Current cancer treatments involve radiotherapy and chemotherapy, usually conveyed via intravenous infusion. The cancer drugs that are available can be extremely effective, but they also cause damage to healthy tissues. Targeted drug delivery has thus become a major thrust of recent research, but existing solutions are limited to certain kinds of cancer at particular stages. Hence a universal carrier for targeted drugs, like that proposed by Machluf, would be a major breakthrough in cancer research.
Many drug delivery researchers use polymers or other substances to carry their medications. These do not necessarily target just the cancer, Machluf said.
Her product, she said, would be a new player in the market with the potential to take “a big chunk” of the existing research market.
Colleagues are calling her research “too good to be true,” she said, and pharma giants like Merck and Teva Pharmaceutical Industries Ltd., to whom she showed her findings, have declined to fund her studies, saying the research is still in very early stages and does not fit their mainstream approach to cancer.
She admits that huge challenges and questions lie ahead. Large numbers of nano-ghosts will have to be produced for the clinical trials, and how the human body will react to these particles is also a huge unknown.
Any side effects in humans will be discovered only during clinical trials, she said. “In animals, we don’t see side effects. It doesn’t accumulate in other organs, it doesn’t have toxicity, it doesn’t affect the body in terms of negative effect. So, I don’t know. We need to wait for clinical trials. ”
The chances of success for a venture like hers are “very low,” she admits. Much depends on funding and on how much you believe in and push the technology, “regardless of the negative feedback that you get.”
Meanwhile, Machluf has licensed the technology from the Technion and is now looking for investors to start her clinical trials. She is negotiating with venture capital funds and a major Technion donor, Ed Sattell, has donated $2 million to Machluf’s research.
If she gets the money she needs, she will work on creating industrial amounts of the product to use for human trials. In parallel, she needs to figure out which cancer she wants to tackle first and with which drug.

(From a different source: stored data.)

(* Let $(A,B,\mathfrak H)$ be a P-module and $X\in\{F,T,V,\mathcal O\}$. Then $\mathfrak H_{\mathrm{atom}}=\bigoplus_{[p]}\mathfrak H_{\mathrm{atom}}^{[p]}$ and $\Pi^X(\mathfrak H_{\mathrm{atom}})\cong\bigoplus_{[p]}\Pi^X(\mathfrak H_{\mathrm{atom}}^{[p]})$, where the direct sums run over all equivalence classes $[p]$ of periodic rays whose period has length at most $\dim(\mathfrak H_{\mathrm{atom}})$.
   Context: A P-module is $(A,B,\mathfrak H)$ with $\mathfrak H$ finite-dimensional complex Hilbert, $A^*A+B^*B=\mathrm{id}$. Sub-module: subspace invariant under $A,B$; irreducible: no sub-modules besides $\{0\}$ and itself. $\mathfrak H=\mathfrak H_{\mathrm{comp}}\oplus\mathfrak H_{\mathrm{res}}$ orthogonally, where $\mathfrak H_{\mathrm{comp}}$ is a direct sum of irreducible sub-modules and $\mathfrak H_{\mathrm{res}}$ contains no non-zero sub-module. Rays: infinite binary sequences $p=x_1x_2\cdots$; $p_n=x_1\cdots x_n$, ${}_np=x_{n+1}x_{n+2}\cdots$; $w\xi:=X_{x_n}\cdots X_{x_1}\xi$ for $w=x_1\cdots x_n$, $X_0=A,X_1=B$. Non-zero $\xi$ is contained in $p$ if $\|p_n\xi\|=\|\xi\|$ for all $n$. Periodic ray: $w^\infty$; its period length is the length of the shortest such $w$. $p\sim q$ if ${}_np={}_kq$ for some $n,k$; $[p]$ is the class. $\mathfrak H_{\mathrm{atom}}=\mathrm{span}\{\xi\in\mathfrak H_{\mathrm{comp}}:\xi\text{ contained in a periodic ray}\}$ and, for periodic $p$, $\mathfrak H_{\mathrm{atom}}^{[p]}=\mathrm{span}\{\xi\in\mathfrak H_{\mathrm{atom}}:\xi\text{ contained in }{}_kp\text{ for some }k\}$ (a sub-module depending only on $[p]$). $\Pi^X(\mathfrak K)$: the Pythagorean representation of $X$ built from a sub-module $\mathfrak K$ with restricted operators: for finite rooted full binary trees $t$ with leaves $\ell_1<\dots<\ell_n$ put $\mathfrak K_t=\mathfrak K^n$; attaching a caret at a leaf $\ell$ replaces $\xi_\ell$ by $A\xi_\ell,B\xi_\ell$ at $\ell0,\ell1$; $\mathscr H$ is the completed inductive limit with classes $[t,\xi]$. $V$ consists of homeomorphisms $g$ of $\{0,1\}^{\mathbf N}$ with $g(u_i\cdot x)=v_{\kappa(i)}\cdot x$ for leaves $u_i$ of a tree $s$, $v_i$ of a tree $t$, permutation $\kappa$ ($F$: $\kappa$ trivial; $T$: $\kappa$ cyclic), acting by $g[s,\xi]=[t,\eta]$, $\eta_{v_{\kappa(i)}}=\xi_{u_i}$. The Cuntz algebra $\mathcal O$ acts by $s_i\mapsto\tau_i^*$, $\tau_i[t,\xi]=[t_i,\xi|_{t_i}]$ with $t_i$ the subtree rooted at vertex $i$. $\cong$ is unitary equivalence. *)

theory Defs
  imports "HOL-Analysis.Analysis"
begin

type_synonym 'n cmat = "complex^'n^'n"
type_synonym 'n cvec = "complex^'n"

definition cinner :: "'n::finite cvec \<Rightarrow> 'n cvec \<Rightarrow> complex" where
  "cinner x y = (\<Sum>i\<in>UNIV. cnj (x$i) * y$i)"

definition cadj :: "'n::finite cmat \<Rightarrow> 'n cmat" where
  "cadj M = (\<chi> i j. cnj (M$j$i))"

definition pmodule :: "'n::finite cmat \<Rightarrow> 'n cmat \<Rightarrow> bool" where
  "pmodule A B \<longleftrightarrow> cadj A ** A + cadj B ** B = mat 1"

definition submodule :: "'n::finite cmat \<Rightarrow> 'n cmat \<Rightarrow> 'n cvec set \<Rightarrow> bool" where
  "submodule A B K \<longleftrightarrow> vec.subspace K \<and> (\<forall>x\<in>K. A *v x \<in> K \<and> B *v x \<in> K)"

definition irreducible_sub :: "'n::finite cmat \<Rightarrow> 'n cmat \<Rightarrow> 'n cvec set \<Rightarrow> bool" where
  "irreducible_sub A B K \<longleftrightarrow> submodule A B K \<and> K \<noteq> {0} \<and>
     (\<forall>K'. submodule A B K' \<and> K' \<subseteq> K \<longrightarrow> K' = {0} \<or> K' = K)"

definition Hcomp :: "'n::finite cmat \<Rightarrow> 'n cmat \<Rightarrow> 'n cvec set" where
  "Hcomp A B = vec.span (\<Union>{K. irreducible_sub A B K})"

text \<open>w xi = X_{x_n} ... X_{x_1} xi for w = x_1...x_n, X_False = A, X_True = B.\<close>
fun wact :: "'n::finite cmat \<Rightarrow> 'n cmat \<Rightarrow> bool list \<Rightarrow> 'n cvec \<Rightarrow> 'n cvec" where
  "wact A B [] v = v"
| "wact A B (x # w) v = wact A B w ((if x then B else A) *v v)"

type_synonym ray = "nat \<Rightarrow> bool"

definition rprefix :: "ray \<Rightarrow> nat \<Rightarrow> bool list" where
  "rprefix p n = map p [0..<n]"

definition rshift :: "nat \<Rightarrow> ray \<Rightarrow> ray" where
  "rshift n p = (\<lambda>i. p (i + n))"

definition contained :: "'n::finite cmat \<Rightarrow> 'n cmat \<Rightarrow> 'n cvec \<Rightarrow> ray \<Rightarrow> bool" where
  "contained A B \<xi> p \<longleftrightarrow> \<xi> \<noteq> 0 \<and> (\<forall>n. norm (wact A B (rprefix p n) \<xi>) = norm \<xi>)"

definition has_period_word :: "ray \<Rightarrow> bool list \<Rightarrow> bool" where
  "has_period_word p w \<longleftrightarrow> w \<noteq> [] \<and> (\<forall>i. p i = w ! (i mod length w))"

definition periodic :: "ray \<Rightarrow> bool" where
  "periodic p \<longleftrightarrow> (\<exists>w. has_period_word p w)"

definition period_len :: "ray \<Rightarrow> nat" where
  "period_len p = (LEAST k. \<exists>w. has_period_word p w \<and> length w = k)"

definition ray_equiv :: "ray \<Rightarrow> ray \<Rightarrow> bool" where
  "ray_equiv p q \<longleftrightarrow> (\<exists>n k. rshift n p = rshift k q)"

definition ray_class :: "ray \<Rightarrow> ray set" where
  "ray_class p = {q. ray_equiv p q}"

To make this decision, she will assemble a committee of oncologists, clinicians, industrial oncologists and pharmacologists to come up with an answer.
She will not have the money to work on parallel cancer conditions, she said. A clinical trial with one kind of tumor and one kind of drug will cost, just for Phase I of three phases, some $3 million.
“Before investors invest more money, they need to believe. I need to show them this evidence… show them that it works” in humans, she said.